The inlets of the devices located at a height of 10 cm ± 0.2 cm and ~0.5 m from the particles source (sanding belt) using flexible Tygon® tubes attached to the inlets of the instruments. The main specifications of the suite of instruments used are listed in Table 5. The background concentration in the room was measured without sanding and with the sander turned off.

Table 5: Ecotoxicity measured as EC50 values at 24 and 48 h.

Ecotoxicity

For ecotoxicity studies, the Daphtoxkit F™ bioassay (microbiotest, Ghent, Belgium) was used to estimate effect of pristine and abraded graphene particles to crustacean D. magna. Daphnia are planktonic crustaceans, characteristic of fresh water, with a size range between 0.5 mm-3 mm. The acute toxicity tests were performed according to the Toxkit^® protocol. The Daphtoxkit^™ F test is performed in accordance with test procedures of OECD Guideline 202 (OECD, 2004) and ISO 6341 (UNE-EN ISO 6341, 2012) [4].

The test is performed on neonates born from epiphyas (resistance eggs) of incuadas Daphnia 72-80 hours at controlled temperature of 20°C-22°C and light (6000 lux) in the OECD 202 medium previously aerated. The neonates placed in the trial therefore do not exceed 24 hours of life. Daphnia are fed spirulina during the two hours prior to the assay. It is carried out in conditions of darkness and temperature of 23°C.

To calculate median lethal concentration (LC50), 24 and 48-h EC50 values, as well as their associated 95% confidence intervals (95% CI) were calculated using the EPA-probit v1.5 program (USEPA).

A standard reference toxicity test with K₂Cr₂O₇ was run in parallel to each test series to verify the sensitivity of the D. magna.

Toxicity studies

Respiratory impact: Several assays were applied to the in vitro lung models to measure the levels of cytotoxicity (cell death or a reduction in cell viability), oxidative stress and inflammation.

The A549 cell line was selected as a representative cell of the alveolar epithelium of the gas-exchange region of the lung. A549 epithelial cells were grown in continuous culture in DMEM medium containing 10% FCS (life technologies), non-essential amino acids (diluted from 100x stock solution, sigma), sodium pyruvate (1 mM, life technologies), L-glutamine (diluted from 100x stock solution, life technologies), penicillin (100U, sigma) and streptomycin (100 μg/ml, sigma). This was designated complete medium. Cells were removed from culture by trypsinization and plated into 96-well plates at 2 × 10⁵ cells/ml (100 μl/well). Plates were incubated for 24 hours at 370°C, wells washed with medium and treatments added to each well in a final volume of 100 μl in complete medium.

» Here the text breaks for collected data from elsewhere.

lemma card_darts_Adj23: "card (darts Adj23) = 486"
proof -
  have "card (darts Adj23) = (\<Sum>v\<in>set vertex_list. length (rot23 v))"
    using card_darts_eq_sum_length[OF simple_graph_Adj23 rotation_system_rot23]
    by (simp add: V23_eq_set)
  also have "\<dots> = sum_list (map (\<lambda>v. length (rot23 v)) vertex_list)"
    by (simp add: sum_list_distinct_conv_sum_set[OF distinct_vertex_list])
  also have "\<dots> = 486" by code_simp
  finally show ?thesis .
qed

lemma card_V23: "card V23 = 23"
  unfolding V23_eq_set distinct_card[OF distinct_vertex_list] by (simp add: vertex_list_def)

theorem mainTheorem5:
  shows "\<exists>rot :: vtx \<Rightarrow> vtx list.
           (\<forall>g < 18. rot (N g) = map (shift g) (Lrow (g mod 3))) \<and>
           rotation_system V23 Adj23 rot \<and>
           triangular Adj23 rot \<and>
           embedding_genus_is V23 Adj23 rot 30"
proof (intro exI conjI)
  show "\<forall>g < 18. rot23 (N g) = map (shift g) (Lrow (g mod 3))" by simp
  show rotation: "rotation_system V23 Adj23 rot23" by (rule rotation_system_rot23)
  note triangles = triangular_if_darts_trace_triangles[OF simple_graph_Adj23 rotation
      darts_Adj23_trace_triangles]
  show "triangular Adj23 rot23" by (rule triangles(1))
  have "card (faces Adj23 rot23) = 162" using triangles(2) card_darts_Adj23 by simp
  moreover have "card (edges Adj23) = 243"
    using card_darts_eq_twice_card_edges[OF simple_graph_Adj23] card_darts_Adj23 by simp
  ultimately show "embedding_genus_is V23 Adj23 rot23 30"
    unfolding embedding_genus_is_def using card_V23 by simp
qed

end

Oral route-ingestion: As in the previous case, several assays were applied to the in vitro Caco-2 cell model to measure the levels of cytotoxicity (cell death or a reduction in cell viability), oxidative stress and inflammation that occurred in response to exposure to pristine and abraded materials.

Caco-2 cell lines were cultivated for 10 days and then seeded at densities of 105 to 106 cells per ml (0.1 ml per well) in a 96-well plate by trypsinizing and centrifuging at 8.4 × g for 5 min. After a 24-h exposure, cell viability was measured by the conventional 3- (4, 5-dimethylthiazol-2-yl)-2, 5-diphenyltetrazolium bromide (MTT; ATCC) reduction assay [5].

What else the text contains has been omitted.